======== Given information ========

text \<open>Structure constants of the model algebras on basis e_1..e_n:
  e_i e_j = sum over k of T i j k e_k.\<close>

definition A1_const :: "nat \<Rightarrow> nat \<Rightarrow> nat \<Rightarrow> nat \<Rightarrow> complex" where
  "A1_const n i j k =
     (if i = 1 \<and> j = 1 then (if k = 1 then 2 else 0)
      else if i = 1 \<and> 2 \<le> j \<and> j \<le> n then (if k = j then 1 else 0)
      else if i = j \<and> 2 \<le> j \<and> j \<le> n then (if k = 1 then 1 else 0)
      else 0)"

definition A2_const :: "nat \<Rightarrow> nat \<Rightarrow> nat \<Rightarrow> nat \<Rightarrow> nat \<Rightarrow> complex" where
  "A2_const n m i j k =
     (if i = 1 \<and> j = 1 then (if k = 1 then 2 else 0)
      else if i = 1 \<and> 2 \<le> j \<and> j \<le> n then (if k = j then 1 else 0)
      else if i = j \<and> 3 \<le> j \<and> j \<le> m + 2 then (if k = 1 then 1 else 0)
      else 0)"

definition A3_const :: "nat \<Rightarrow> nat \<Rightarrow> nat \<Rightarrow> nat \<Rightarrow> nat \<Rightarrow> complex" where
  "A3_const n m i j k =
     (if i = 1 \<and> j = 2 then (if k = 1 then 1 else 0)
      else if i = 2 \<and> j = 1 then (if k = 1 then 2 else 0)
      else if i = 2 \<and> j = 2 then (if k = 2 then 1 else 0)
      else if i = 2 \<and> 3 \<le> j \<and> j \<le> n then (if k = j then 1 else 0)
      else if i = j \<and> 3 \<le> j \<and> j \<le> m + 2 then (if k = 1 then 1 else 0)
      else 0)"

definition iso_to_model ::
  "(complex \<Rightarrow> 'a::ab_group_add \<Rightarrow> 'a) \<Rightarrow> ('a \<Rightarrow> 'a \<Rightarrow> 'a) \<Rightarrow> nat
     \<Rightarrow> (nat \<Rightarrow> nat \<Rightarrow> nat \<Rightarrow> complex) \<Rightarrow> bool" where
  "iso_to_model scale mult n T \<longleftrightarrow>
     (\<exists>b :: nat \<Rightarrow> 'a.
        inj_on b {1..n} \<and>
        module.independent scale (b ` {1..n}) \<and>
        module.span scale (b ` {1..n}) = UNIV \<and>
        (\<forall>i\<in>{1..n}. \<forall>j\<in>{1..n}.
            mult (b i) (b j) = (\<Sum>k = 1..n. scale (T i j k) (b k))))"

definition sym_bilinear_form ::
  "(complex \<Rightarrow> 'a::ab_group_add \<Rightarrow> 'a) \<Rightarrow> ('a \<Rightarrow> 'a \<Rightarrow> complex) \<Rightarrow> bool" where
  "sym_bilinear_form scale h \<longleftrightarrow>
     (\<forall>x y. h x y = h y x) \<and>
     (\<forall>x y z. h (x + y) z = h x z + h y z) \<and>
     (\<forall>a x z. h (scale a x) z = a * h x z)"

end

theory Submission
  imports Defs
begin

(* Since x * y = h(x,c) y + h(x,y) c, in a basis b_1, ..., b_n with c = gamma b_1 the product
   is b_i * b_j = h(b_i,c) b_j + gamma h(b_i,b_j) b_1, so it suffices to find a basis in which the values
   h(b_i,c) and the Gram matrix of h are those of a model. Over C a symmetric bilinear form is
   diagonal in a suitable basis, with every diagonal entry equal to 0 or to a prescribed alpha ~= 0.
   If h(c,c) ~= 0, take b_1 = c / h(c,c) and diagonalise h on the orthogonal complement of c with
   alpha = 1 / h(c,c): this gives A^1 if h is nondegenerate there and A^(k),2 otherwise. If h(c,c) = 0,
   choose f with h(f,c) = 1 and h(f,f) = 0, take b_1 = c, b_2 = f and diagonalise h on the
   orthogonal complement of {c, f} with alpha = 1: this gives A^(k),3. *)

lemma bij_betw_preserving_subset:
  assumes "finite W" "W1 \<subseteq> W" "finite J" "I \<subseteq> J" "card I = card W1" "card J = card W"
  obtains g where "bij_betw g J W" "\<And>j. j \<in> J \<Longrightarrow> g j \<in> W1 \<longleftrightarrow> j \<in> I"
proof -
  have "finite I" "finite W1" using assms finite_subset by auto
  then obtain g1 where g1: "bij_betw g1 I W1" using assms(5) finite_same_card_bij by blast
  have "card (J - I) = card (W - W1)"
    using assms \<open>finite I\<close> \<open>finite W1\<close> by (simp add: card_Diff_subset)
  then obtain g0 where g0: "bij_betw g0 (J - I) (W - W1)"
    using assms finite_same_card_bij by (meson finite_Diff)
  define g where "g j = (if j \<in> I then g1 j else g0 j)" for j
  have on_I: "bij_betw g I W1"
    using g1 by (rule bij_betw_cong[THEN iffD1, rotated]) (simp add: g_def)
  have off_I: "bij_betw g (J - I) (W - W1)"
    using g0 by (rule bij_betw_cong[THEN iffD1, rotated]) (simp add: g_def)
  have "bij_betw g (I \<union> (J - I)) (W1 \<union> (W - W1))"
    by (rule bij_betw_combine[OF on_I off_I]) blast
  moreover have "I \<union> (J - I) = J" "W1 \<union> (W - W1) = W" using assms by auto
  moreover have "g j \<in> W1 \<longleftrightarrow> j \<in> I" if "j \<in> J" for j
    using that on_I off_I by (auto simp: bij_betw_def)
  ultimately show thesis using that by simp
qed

========
======== Given information ========

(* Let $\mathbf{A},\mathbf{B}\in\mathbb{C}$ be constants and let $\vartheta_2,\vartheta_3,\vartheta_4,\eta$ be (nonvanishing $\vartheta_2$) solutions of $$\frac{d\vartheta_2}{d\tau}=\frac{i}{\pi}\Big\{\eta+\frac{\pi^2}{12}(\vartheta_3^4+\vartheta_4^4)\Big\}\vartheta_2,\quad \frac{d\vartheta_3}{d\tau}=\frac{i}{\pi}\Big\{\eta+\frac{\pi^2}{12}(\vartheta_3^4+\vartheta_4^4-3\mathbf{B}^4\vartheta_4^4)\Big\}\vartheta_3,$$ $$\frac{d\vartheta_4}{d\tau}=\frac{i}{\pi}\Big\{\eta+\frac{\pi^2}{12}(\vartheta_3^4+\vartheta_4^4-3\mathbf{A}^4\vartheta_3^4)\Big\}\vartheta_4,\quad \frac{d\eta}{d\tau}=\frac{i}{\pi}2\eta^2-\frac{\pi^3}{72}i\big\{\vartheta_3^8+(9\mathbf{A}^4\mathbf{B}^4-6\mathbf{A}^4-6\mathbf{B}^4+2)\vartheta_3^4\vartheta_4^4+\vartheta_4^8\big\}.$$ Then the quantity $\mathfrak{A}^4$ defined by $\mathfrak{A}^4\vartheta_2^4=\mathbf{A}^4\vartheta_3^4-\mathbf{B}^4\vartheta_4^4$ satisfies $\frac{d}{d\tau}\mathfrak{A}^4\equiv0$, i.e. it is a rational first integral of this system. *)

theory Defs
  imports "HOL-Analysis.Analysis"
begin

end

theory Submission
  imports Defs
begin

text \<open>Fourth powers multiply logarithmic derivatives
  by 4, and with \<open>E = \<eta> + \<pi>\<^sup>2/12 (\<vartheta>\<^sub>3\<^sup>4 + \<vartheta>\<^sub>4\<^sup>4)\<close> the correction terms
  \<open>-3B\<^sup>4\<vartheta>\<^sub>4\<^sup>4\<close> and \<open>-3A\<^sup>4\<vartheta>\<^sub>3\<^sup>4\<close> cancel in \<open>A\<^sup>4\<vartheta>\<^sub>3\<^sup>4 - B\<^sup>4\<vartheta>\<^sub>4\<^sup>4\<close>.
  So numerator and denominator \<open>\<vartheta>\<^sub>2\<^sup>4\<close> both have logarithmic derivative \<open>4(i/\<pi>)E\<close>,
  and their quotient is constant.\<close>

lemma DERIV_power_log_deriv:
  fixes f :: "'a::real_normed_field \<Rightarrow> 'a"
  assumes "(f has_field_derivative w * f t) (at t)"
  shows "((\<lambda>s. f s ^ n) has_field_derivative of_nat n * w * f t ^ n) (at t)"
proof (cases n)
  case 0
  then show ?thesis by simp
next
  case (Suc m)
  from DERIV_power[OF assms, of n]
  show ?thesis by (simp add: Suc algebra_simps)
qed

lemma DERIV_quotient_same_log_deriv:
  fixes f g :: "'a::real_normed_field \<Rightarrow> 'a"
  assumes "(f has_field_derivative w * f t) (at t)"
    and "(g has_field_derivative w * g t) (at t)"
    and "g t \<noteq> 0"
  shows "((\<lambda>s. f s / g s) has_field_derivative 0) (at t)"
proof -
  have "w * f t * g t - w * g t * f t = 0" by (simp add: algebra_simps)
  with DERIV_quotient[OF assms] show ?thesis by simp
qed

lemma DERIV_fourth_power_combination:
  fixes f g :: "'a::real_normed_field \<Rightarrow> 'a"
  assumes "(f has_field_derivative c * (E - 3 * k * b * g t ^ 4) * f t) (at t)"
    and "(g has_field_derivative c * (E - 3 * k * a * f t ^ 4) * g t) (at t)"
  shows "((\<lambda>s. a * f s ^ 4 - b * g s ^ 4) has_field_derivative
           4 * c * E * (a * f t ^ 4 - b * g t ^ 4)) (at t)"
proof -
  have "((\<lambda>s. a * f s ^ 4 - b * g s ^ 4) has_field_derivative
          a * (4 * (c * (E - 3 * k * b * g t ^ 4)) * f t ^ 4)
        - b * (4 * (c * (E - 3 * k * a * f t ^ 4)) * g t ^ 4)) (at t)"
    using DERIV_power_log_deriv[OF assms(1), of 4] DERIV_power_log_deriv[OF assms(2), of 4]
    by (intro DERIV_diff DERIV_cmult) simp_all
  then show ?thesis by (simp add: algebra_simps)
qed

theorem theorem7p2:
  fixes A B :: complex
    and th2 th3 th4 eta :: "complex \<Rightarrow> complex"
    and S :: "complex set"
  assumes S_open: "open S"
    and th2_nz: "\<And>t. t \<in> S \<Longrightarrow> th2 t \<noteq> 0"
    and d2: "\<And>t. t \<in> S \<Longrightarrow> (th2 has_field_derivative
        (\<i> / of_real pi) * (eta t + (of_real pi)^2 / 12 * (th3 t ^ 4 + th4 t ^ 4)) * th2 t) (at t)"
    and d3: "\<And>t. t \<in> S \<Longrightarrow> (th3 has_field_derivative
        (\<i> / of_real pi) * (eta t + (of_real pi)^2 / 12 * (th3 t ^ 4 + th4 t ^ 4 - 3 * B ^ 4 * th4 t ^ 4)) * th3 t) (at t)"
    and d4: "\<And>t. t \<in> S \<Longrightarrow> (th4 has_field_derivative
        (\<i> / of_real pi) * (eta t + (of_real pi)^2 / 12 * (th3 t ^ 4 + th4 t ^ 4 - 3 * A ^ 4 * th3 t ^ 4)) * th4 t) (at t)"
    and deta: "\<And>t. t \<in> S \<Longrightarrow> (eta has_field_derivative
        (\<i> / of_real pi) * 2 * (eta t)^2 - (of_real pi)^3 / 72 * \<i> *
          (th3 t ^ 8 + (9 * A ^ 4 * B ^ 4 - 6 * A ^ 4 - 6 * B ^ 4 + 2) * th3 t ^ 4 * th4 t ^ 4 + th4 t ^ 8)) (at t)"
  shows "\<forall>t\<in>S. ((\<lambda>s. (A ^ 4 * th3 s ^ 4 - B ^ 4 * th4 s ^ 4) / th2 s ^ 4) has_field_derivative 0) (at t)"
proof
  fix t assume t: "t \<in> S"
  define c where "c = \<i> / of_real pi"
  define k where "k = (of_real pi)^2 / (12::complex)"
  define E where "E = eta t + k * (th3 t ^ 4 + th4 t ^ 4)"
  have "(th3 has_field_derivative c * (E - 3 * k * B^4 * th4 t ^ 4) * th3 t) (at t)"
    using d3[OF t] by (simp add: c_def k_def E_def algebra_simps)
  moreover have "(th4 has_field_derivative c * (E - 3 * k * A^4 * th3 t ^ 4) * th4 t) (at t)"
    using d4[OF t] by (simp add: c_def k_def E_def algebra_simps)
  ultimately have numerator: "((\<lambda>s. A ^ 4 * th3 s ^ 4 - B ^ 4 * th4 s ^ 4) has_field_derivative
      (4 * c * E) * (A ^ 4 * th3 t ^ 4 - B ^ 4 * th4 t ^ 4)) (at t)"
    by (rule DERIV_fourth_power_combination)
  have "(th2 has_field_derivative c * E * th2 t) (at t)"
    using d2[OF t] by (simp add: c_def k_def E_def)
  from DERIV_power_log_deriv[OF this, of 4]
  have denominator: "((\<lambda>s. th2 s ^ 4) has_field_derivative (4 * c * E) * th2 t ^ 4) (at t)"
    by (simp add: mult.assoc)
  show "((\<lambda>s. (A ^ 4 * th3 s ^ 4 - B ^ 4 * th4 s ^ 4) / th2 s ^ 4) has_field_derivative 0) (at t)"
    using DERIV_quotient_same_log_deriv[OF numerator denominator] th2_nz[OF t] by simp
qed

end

========
======== Given information ========

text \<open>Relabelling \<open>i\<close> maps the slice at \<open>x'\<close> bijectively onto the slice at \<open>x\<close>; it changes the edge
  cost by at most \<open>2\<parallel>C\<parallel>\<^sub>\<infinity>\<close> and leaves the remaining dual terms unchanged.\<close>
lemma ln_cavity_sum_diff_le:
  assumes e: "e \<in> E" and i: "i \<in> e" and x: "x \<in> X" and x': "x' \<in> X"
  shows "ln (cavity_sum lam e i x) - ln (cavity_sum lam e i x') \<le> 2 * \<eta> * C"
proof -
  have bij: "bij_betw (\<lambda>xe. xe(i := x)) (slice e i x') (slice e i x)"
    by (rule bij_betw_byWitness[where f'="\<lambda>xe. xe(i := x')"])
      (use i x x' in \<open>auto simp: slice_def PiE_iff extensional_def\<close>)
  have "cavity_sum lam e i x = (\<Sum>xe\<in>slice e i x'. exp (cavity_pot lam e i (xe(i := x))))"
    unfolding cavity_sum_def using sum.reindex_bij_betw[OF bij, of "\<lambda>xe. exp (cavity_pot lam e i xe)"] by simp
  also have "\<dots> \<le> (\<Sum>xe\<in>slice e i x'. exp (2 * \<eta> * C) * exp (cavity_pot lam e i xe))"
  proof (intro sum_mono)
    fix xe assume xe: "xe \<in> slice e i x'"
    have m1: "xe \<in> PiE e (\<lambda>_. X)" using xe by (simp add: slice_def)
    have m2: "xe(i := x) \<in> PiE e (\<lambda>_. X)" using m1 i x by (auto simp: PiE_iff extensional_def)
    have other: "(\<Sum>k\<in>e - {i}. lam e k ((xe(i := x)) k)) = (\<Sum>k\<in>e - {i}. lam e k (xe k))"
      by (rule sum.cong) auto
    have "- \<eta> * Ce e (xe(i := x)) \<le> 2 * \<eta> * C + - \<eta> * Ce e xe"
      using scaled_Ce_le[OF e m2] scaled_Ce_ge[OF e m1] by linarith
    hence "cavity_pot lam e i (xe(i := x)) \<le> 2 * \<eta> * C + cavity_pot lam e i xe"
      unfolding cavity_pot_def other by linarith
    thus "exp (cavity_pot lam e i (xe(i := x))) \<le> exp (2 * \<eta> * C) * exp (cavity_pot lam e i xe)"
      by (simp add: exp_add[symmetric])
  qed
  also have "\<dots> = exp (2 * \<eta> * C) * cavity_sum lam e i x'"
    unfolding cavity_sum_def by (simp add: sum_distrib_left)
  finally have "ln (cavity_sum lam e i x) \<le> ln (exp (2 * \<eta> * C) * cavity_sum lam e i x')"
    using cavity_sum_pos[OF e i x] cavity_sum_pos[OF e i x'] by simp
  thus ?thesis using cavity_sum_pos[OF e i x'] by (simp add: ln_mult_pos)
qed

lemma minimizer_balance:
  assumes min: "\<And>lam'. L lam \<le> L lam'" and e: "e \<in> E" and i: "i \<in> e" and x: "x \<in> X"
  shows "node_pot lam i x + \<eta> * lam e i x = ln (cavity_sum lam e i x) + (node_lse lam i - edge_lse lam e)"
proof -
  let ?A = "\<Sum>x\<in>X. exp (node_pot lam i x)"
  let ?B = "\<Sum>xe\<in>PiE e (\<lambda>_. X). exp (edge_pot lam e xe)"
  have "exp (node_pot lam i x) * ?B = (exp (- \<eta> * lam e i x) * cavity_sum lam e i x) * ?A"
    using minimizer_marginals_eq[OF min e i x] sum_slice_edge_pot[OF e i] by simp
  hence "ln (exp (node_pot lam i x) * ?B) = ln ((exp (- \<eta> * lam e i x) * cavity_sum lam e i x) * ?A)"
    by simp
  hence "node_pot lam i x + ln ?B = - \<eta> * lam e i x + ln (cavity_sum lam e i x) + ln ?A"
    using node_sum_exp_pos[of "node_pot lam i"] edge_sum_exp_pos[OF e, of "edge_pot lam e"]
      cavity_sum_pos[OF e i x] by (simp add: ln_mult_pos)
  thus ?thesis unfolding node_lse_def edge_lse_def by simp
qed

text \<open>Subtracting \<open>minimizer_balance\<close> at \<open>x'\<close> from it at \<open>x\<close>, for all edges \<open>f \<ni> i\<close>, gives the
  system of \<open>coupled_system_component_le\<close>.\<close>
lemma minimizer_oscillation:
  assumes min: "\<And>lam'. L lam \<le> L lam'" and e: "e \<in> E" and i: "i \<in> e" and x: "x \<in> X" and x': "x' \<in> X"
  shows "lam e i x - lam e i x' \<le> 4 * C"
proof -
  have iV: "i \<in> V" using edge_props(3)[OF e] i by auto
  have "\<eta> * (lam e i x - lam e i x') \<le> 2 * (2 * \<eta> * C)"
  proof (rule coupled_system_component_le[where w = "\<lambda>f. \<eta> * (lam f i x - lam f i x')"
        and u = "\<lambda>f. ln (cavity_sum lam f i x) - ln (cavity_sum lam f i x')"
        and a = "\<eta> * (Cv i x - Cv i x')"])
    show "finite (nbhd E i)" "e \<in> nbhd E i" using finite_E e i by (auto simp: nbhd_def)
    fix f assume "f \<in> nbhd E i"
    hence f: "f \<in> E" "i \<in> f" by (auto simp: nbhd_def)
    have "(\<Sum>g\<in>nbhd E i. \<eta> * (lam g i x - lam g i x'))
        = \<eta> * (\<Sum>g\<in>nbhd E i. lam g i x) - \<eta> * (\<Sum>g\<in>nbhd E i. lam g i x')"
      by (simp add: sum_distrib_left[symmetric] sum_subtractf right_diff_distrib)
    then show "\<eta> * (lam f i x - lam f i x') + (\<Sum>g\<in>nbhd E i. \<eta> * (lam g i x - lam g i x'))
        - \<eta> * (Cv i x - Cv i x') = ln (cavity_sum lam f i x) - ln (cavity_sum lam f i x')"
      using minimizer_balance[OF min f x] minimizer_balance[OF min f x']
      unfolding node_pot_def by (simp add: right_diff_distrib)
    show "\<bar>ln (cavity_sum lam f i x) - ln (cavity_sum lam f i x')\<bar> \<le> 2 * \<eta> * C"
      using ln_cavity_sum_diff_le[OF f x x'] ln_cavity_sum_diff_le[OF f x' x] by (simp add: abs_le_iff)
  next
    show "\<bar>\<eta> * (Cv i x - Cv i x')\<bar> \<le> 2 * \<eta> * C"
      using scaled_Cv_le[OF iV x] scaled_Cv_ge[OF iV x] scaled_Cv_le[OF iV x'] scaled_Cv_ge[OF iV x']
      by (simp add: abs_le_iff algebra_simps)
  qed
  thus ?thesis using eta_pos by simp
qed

========

**Work to complete**
From the records above, return each line that includes "alpha".

**Task response**
   diagonal in a suitable basis, with every diagonal entry equal to 0 or to a prescribed alpha ~= 0.
   alpha = 1 / h(c,c): this gives A^1 if h is nondegenerate there and A^(k),2 otherwise. If h(c,c) = 0,
   orthogonal complement of {c, f} with alpha = 1: this gives A^(k),3. *)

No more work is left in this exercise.